Corbyn and unions must call mass action
Simon Carter
The divide in the Tory party over Brexit is now wider than the Grand Canyon.
Leadership contender Boris Johnson stuck the boot in on Theresa May’s ‘soft’ Brexit plan, calling it a “suicide vest” around the UK. In turn, a damaging dossier on his personal life, drawn up by May’s supporters, was leaked to the press.
Boris’s tirade against the PM was backed by former minister Steve Baker, who warned that her Chequers plan would cause a “catastrophic split” as 80 Tory MPs would vote against it. That would leave the hapless May dependent on right-wing Labour MPs to secure a deal with the EU. Last July, four Labour MPs, including newly ‘independent’ Frank Field, saved May from defeat in a Commons Brexit vote.

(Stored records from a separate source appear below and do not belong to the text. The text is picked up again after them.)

primrec wsubstp :: "nat \<Rightarrow> 'w world \<Rightarrow> ('p, 'f, 'w::monoid_mult) hprop \<Rightarrow> ('p, 'f, 'w) hprop" where
  "wsubstp x s (Atm p ts) = Atm p ts"
| "wsubstp x s (Tensor A B) = Tensor (wsubstp x s A) (wsubstp x s B)"
| "wsubstp x s One = One"
| "wsubstp x s (Lolli A B) = Lolli (wsubstp x s A) (wsubstp x s B)"
| "wsubstp x s (With A B) = With (wsubstp x s A) (wsubstp x s B)"
| "wsubstp x s Top = Top"
| "wsubstp x s (Plus A B) = Plus (wsubstp x s A) (wsubstp x s B)"
| "wsubstp x s Zero = Zero"
| "wsubstp x s (Bang A) = Bang (wsubstp x s A)"
| "wsubstp x s (AllT A) = AllT (wsubstp x s A)"
| "wsubstp x s (ExT A) = ExT (wsubstp x s A)"
| "wsubstp x s (AtW A w) = AtW (wsubstp x s A) (wsubst x s w)"
| "wsubstp x s (Down A) = Down (wsubstp x s A)"
| "wsubstp x s (AllW A) = AllW (wsubstp x s A)"
| "wsubstp x s (ExW A) = ExW (wsubstp x s A)"

fun wsubstj :: "nat \<Rightarrow> 'w world \<Rightarrow> ('p, 'f, 'w::monoid_mult) judg \<Rightarrow> ('p, 'f, 'w) judg" where
  "wsubstj x s (Jdg A w) = Jdg (wsubstp x s A) (wsubst x s w)"

lemma topen_trm_closed: "tbv_trm s = {} \<Longrightarrow> topen_trm k t s = s"
  by (induction s) (auto simp: map_idI)

lemma tsubst_trm_topen_trm:
  "tbv_trm s = {}
    \<Longrightarrow> tsubst_trm x s (topen_trm k t r) = topen_trm k (tsubst_trm x s t) (tsubst_trm x s r)"
  by (induction r) (auto simp: topen_trm_closed)

lemma tsubst_trm_fresh: "x \<notin> tfv_trm r \<Longrightarrow> tsubst_trm x s r = r"
  by (induction r) (auto simp: map_idI)

lemma tbv_tsubst_trm: "tbv_trm (tsubst_trm x s r) \<subseteq> tbv_trm r \<union> tbv_trm s"
  by (induction r) auto

lemma is_term_tsubst_trm: "is_term s \<Longrightarrow> is_term t \<Longrightarrow> is_term (tsubst_trm x s t)"
  unfolding is_term_def using tbv_tsubst_trm by blast

lemma finite_tfv_trm: "finite (tfv_trm r)"
  by (induction r) auto
(* Let $p>1$ and let $(\mathcal{X},\mathcal{F},\{\mathcal{F}_n\}_{n\ge0},\mu)$ be a discrete-time filtered probability space. For all $\mathbf{f}\ge0$ and $F\ge\mathbf{f}^p$, $$\widetilde{\mathcal{B}}^{\mathcal{F}}_\mu(F,\mathbf{f})\le\mathcal{B}^{\mathcal{F}}_\mu(F,\mathbf{f},1;1).$$ Moreover, if $\{\mathcal{F}_n\}_{n\ge0}$ is an infinitely refining filtration, then $\widetilde{\mathcal{B}}^{\mathcal{F}}_\mu(F,\mathbf{f})=\mathcal{B}^{\mathcal{F}}_\mu(F,\mathbf{f},1;1)$ (which by the coincidence theorem also equals the dyadic Bellman function $\mathcal{B}(F,\mathbf{f},1;1)$).
   Context: $f_n=\mathbb{E}^\mu[f\mid\mathcal{F}_n]$, $f^*=\sup_{n\ge0}|f_n|$. $\widetilde{\mathcal{B}}^{\mathcal{F}}_\mu(F,\mathbf{f})=\sup\{\mathbb{E}^\mu[|f^*|^p]: f\ge0,\ \mathbb{E}^\mu[f^p]=F,\ \mathbb{E}^\mu[f]=\mathbf{f}\}$. $\mathcal{B}^{\mathcal{F}}_\mu(F,\mathbf{f},M;C)$ is the supremum of $\mathbb{E}^\mu[\sum_{n\ge0}\alpha_nf_n^p]$ over all non-negative $f$ and all sequences of non-negative random variables $\{\alpha_n\}$ with $\alpha_n$ $\mathcal{F}_n$-measurable and $\mathbb{E}^\mu[\sum_{k\ge n}\alpha_k\mid\mathcal{F}_n]\le C$ for all $n$, such that $\mathbb{E}^\mu[f^p]=F$, $\mathbb{E}^\mu[f]=\mathbf{f}$, $\mathbb{E}^\mu[\sum_n\alpha_n]=M$. The dyadic Bellman function $\mathcal{B}(F,\mathbf{f},M;C)$ is the supremum of $|I|^{-1}\sum_{J\in\mathcal{D},J\subseteq I}\alpha_J\langle f\rangle_J^p$ over non-negative $f$ on a dyadic interval $I$ and non-negative $\{\alpha_J\}$ with $\langle f^p\rangle_I=F$, $\langle f\rangle_I=\mathbf{f}$, $|I|^{-1}\sum_{J\subseteq I}\alpha_J=M$, $\sum_{J'\subseteq J}\alpha_{J'}\le C|J|$ for all dyadic $J\subseteq I$. The filtration is infinitely refining if for every $\varepsilon>0$, $n\ge0$, $E\in\mathcal{F}_n$ there exist $k>n$ and real-valued $\mathcal{F}_k$-measurable $h$ with $|h\mathbf{1}_E|=\mathbf{1}_E$ and $\int_E|\mathbb{E}^\mu[h\mid\mathcal{F}_n]|\,d\mu\le\varepsilon$. *)

theory Defs
  imports "HOL-Probability.Probability"
begin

Clearly, the Tory government’s weakness is an opportunity for Jeremy Corbyn and the trade union leaders to mobilise mass action to bring it down and fight for a general election. Labour should pledge to scrap austerity, nationalise rail and the major utilities, and restore our wages and services.

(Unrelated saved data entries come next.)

(* For every $\varepsilon\in(0,1]$ there exists $b_0$ such that for every $b\geq b_0$ there exists $n_0$ such that for every $n\geq n_0$ the following holds. Let $G$ be an $(n,\varepsilon)$-digraph and let $\mathbf{m}$ be a perfect fractional matching of $G$ with $h(\mathbf{m})\geq n\log\frac n2+\varepsilon n$. Then there is a $b$-normal perfect fractional matching $\mathbf{x}$ of $G$ with $h(\mathbf{x})\geq h(\mathbf{m})-\varepsilon n$.
   Context: $\log=\log_2$. Digraphs have no loops and at most one edge from $v$ to $w$ per ordered pair. An $(n,\varepsilon)$-digraph is a digraph $G$ on $n$ vertices with $\min_v\min\{|N^+(v)|,|N^-(v)|\}\geq(\frac12+\varepsilon)n$. A perfect fractional matching of a digraph $G$ is $\mathbf{x}\colon E(G)\to\mathbb{R}_{\geq0}$ with $\sum_{w\in N^+(v)}\mathbf{x}_{vw}=1=\sum_{w\in N^-(v)}\mathbf{x}_{wv}$ for every vertex $v$. It is $b$-normal if $\frac1{b|V(G)|}\leq\mathbf{x}_e\leq\frac b{|V(G)|}$ for all $e\in E(G)$. Its entropy is $h(\mathbf{x})=\sum_{e\in E(G)}\mathbf{x}_e\log\frac1{\mathbf{x}_e}$. *)

theory Defs
  imports "HOL-Analysis.Analysis"
begin

definition digraph :: "'a set \<Rightarrow> ('a \<times> 'a) set \<Rightarrow> bool" where
  "digraph V E \<longleftrightarrow> finite V \<and> E \<subseteq> V \<times> V \<and> (\<forall>v. (v, v) \<notin> E)"

definition out_nbrs :: "('a \<times> 'a) set \<Rightarrow> 'a \<Rightarrow> 'a set" where
  "out_nbrs E v = {w. (v, w) \<in> E}"

definition in_nbrs :: "('a \<times> 'a) set \<Rightarrow> 'a \<Rightarrow> 'a set" where
  "in_nbrs E v = {w. (w, v) \<in> E}"

definition n_eps_digraph :: "nat \<Rightarrow> real \<Rightarrow> 'a set \<Rightarrow> ('a \<times> 'a) set \<Rightarrow> bool" where
  "n_eps_digraph n eps V E \<longleftrightarrow> digraph V E \<and> card V = n \<and>
     (\<forall>v\<in>V. real (card (out_nbrs E v)) \<ge> (1/2 + eps) * real n \<and>
             real (card (in_nbrs E v)) \<ge> (1/2 + eps) * real n)"

text \<open>A perfect fractional matching: a function on the edges (values off E are
irrelevant), nonnegative on E, with all out-sums and in-sums equal to 1.\<close>
definition perfect_frac_matching :: "'a set \<Rightarrow> ('a \<times> 'a) set \<Rightarrow> ('a \<times> 'a \<Rightarrow> real) \<Rightarrow> bool" where
  "perfect_frac_matching V E x \<longleftrightarrow>
     (\<forall>e\<in>E. x e \<ge> 0) \<and>
     (\<forall>v\<in>V. (\<Sum>w\<in>out_nbrs E v. x (v, w)) = 1 \<and> (\<Sum>w\<in>in_nbrs E v. x (w, v)) = 1)"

But faced with such an open goal, Labour’s Blairite MPs are determined to kick the ball into touch by trying to undermine and remove Corbyn as party leader.

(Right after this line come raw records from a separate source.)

(* Let $d\ge 2$, let $\mu$ be a Borel probability measure on $S^{d-1}$, and let $2\le \ell\le d$ be an integer. Then \[ \mu^{\otimes \ell}\bigl(\{(u_1,\dots,u_\ell)\in (S^{d-1})^\ell : u_i\perp u_j \text{ for all } i\ne j\}\bigr)\le \frac{d!}{(d-\ell)!\, d^{\ell}} . \]
   Context: $S^{d-1}$ is the unit sphere in $\mathbb R^d$. $\mu^{\otimes\ell}$ denotes the $\ell$-fold product measure of $\mu$ with itself on $(S^{d-1})^\ell$; i.e. the probability that $\ell$ independent $\mu$-distributed random unit vectors are pairwise orthogonal. *)

theory Defs
  imports "HOL-Probability.Probability"
begin

end

theory Submission
  imports Defs
begin

(* Let Q v w = E[(x . v) (x . w)] be the second-moment form of mu and e_0, ..., e_(d-1) an
   orthonormal basis diagonalising it, with eigenvalues alpha_c = Q e_c e_c >= 0 summing to
   E[|x|^2] = 1.  For u = (u_0, ..., u_(l-1)) and k : [l] -> [d] let D_k u = det (u_j . e_(k i)).
   By Parseval, sum_k (D_k u)^2 = l! whenever the u_i are orthonormal, so the probability in
   question is at most E[sum_k (D_k u)^2] / l!.  Expanding the determinant and integrating factor by
   factor, all cross terms vanish in the eigenbasis, so E[(D_k u)^2] = l! prod_i alpha_(k i) for
   injective k, while D_k = 0 otherwise.  The bound is therefore l! e_l(alpha), and Maclaurin's
   inequality e_l(alpha) <= (d choose l) (sum_c alpha_c / d)^l finishes the proof. *)

section \<open>Leibniz determinants\<close>

definition leibniz_det :: "nat \<Rightarrow> (nat \<Rightarrow> nat \<Rightarrow> real) \<Rightarrow> real" where
  "leibniz_det n X = (\<Sum>p | p permutes {..<n}. of_int (sign p) * (\<Prod>i<n. X i (p i)))"
text \<open>The critical permutations for (i, j) form the four fibres over \<plusminus>(l_j, j+1) and
  \<plusminus>(j+1, l_j) of pi \<mapsto> (pi(l_i), pi(i+1)).\<close>

lemma card_critical_perms:
  assumes n: "3 \<le> n" and i: "0 \<le> i" "i < int n" and j: "0 \<le> j" "j < int n"
  shows "card (even_signed_perms n) = n * (n - 1) * card (critical_perms n i j)"
proof -
  define u where "u = left_pos i"
  define v where "v = i + 1"
  define B where "B = {(left_pos j, j + 1), (j + 1, left_pos j), (- left_pos j, -(j + 1)), (-(j + 1), - left_pos j)}"
  have critical_iff: "critical_pair j x y \<longleftrightarrow> (x, y) \<in> B" for x y
    by (auto simp: critical_pair_def B_def doubleton_eq_iff)
  have uv: "u \<in> signed_points n" "v \<in> signed_points n" "u \<noteq> v" "u \<noteq> -v"
    using i n by (auto simp: u_def v_def left_pos_def signed_points_def)
  have B_pairs: "B \<subseteq> point_pairs n"
    using j n by (auto simp: B_def point_pairs_def signed_points_def left_pos_def)
  have card_B: "card B = 4"
    using j by (auto simp: B_def left_pos_def)
  have "(\<lambda>p. (p u, p v)) ` critical_perms n i j \<subseteq> B"
    by (auto simp: critical_perms_def critical_iff u_def v_def)
  from sum.group[OF _ _ this, of "\<lambda>_. 1::nat"]
  have "card (critical_perms n i j) = (\<Sum>t\<in>B. card {p \<in> critical_perms n i j. (p u, p v) = t})"
    using finite_even_signed_perms by (simp add: B_def critical_perms_def)
  also have "\<dots> = (\<Sum>t\<in>B. card (pair_fiber n u v (left_pos j, j + 1)))"
  proof (intro sum.cong refl)
    fix t assume t: "t \<in> B"
    hence "{p \<in> critical_perms n i j. (p u, p v) = t} = pair_fiber n u v t"
      by (auto simp: critical_perms_def pair_fiber_def critical_iff u_def v_def)
    also have "card \<dots> = card (pair_fiber n u v (left_pos j, j + 1))"
      using t B_pairs card_pair_fiber_eq[OF n] by (metis B_def insertI1 prod.exhaust subsetD)
    finally show "card {p \<in> critical_perms n i j. (p u, p v) = t} = \<dots>" .
  qed
  moreover have "card (even_signed_perms n) = 2 * n * (2 * n - 2) * card (pair_fiber n u v (left_pos j, j + 1))"
    using card_pair_fiber[OF n uv] B_pairs by (simp add: B_def)
  moreover have "2 * n * (2 * n - 2) = n * (n - 1) * 4"
    by (cases n) (simp_all add: algebra_simps)
  ultimately show ?thesis using card_B by simp
qed

lemma even_signed_perms_two_cases:
  assumes "p \<in> even_signed_perms 2"
  shows "(p 1 = 1 \<and> p 2 = 2) \<or> (p 1 = 2 \<and> p 2 = 1) \<or> (p 1 = -1 \<and> p 2 = -2) \<or> (p 1 = -2 \<and> p 2 = -1)"
proof -
  have signed: "p \<in> signed_perms 2" using even_signed_perms_signed_perms[OF assms] .
  have "p 1 \<in> signed_points 2" "p 2 \<in> signed_points 2"
    using signed_perms_in_points[OF signed] by (auto simp: signed_points_def)
  hence "p 1 \<in> {-2, -1, 1, 2}" "p 2 \<in> {-2, -1, 1, 2}" by (auto simp: signed_points_def)
  moreover have "p 1 \<noteq> p 2" using signed_perms_eq_iff[OF signed, of 1 2] by simp
  moreover have "p 1 \<noteq> - p 2"
    using signed_perms_eq_iff[OF signed, of 1 "-2"] signed_perms_minus[OF signed, of 2] by simp
  moreover have "{1..2::int} = {1, 2}" by auto
  hence "sgn (p 1) * sgn (p 2) = 1"
    using assms by (simp add: even_signed_perms_iff sign_prod_def)
  ultimately show ?thesis by (auto simp: sgn_if)
qed

lemma critical_perms_two:
  "critical_perms 2 0 0 = even_signed_perms 2" "critical_perms 2 0 1 = {}"
  "critical_perms 2 1 0 = {}" "critical_perms 2 1 1 = even_signed_perms 2"
proof -
  have "critical_pair 0 (p (left_pos 0)) (p 1) \<and> \<not> critical_pair 1 (p (left_pos 0)) (p 1)
    \<and> \<not> critical_pair 0 (p (left_pos 1)) (p 2) \<and> critical_pair 1 (p (left_pos 1)) (p 2)"
    if "p \<in> even_signed_perms 2" for p
  proof -
    have "p (left_pos 0) = - p 2" "left_pos 1 = 1"
      using signed_perms_minus[OF even_signed_perms_signed_perms[OF that], of 2]
      by (simp_all add: left_pos_def)
    thus ?thesis
      using even_signed_perms_two_cases[OF that]
      unfolding critical_pair_zero critical_pair_pos[of 1, simplified] by auto
  qed
  thus "critical_perms 2 0 0 = even_signed_perms 2" "critical_perms 2 0 1 = {}"
    "critical_perms 2 1 0 = {}" "critical_perms 2 1 1 = even_signed_perms 2"
    by (auto simp: critical_perms_def)
qed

No wonder Labour’s rank-and-file members are passing ‘no confidence’ motions against sitting Blairite MPs and calling for democratic mandatory reselection.
And it’s no wonder too that the capitalist elite which dreads the prospect of a Corbyn government is going all out to stop it. That’s why the establishment media is full of baseless charges of antisemitism against Jeremy Corbyn, and why figures likes Chuka Umunna are threatening to split.
Outside the parliamentary circus, the vast majority of people want a government which instead of protecting the tax-dodging super-rich and giant corporations, invests in jobs, wages, housing and services. Mobilising millions of workers, young people and the elderly, to take the wealth and power off the capitalist elite, is what the Labour and trade union leaders should be doing.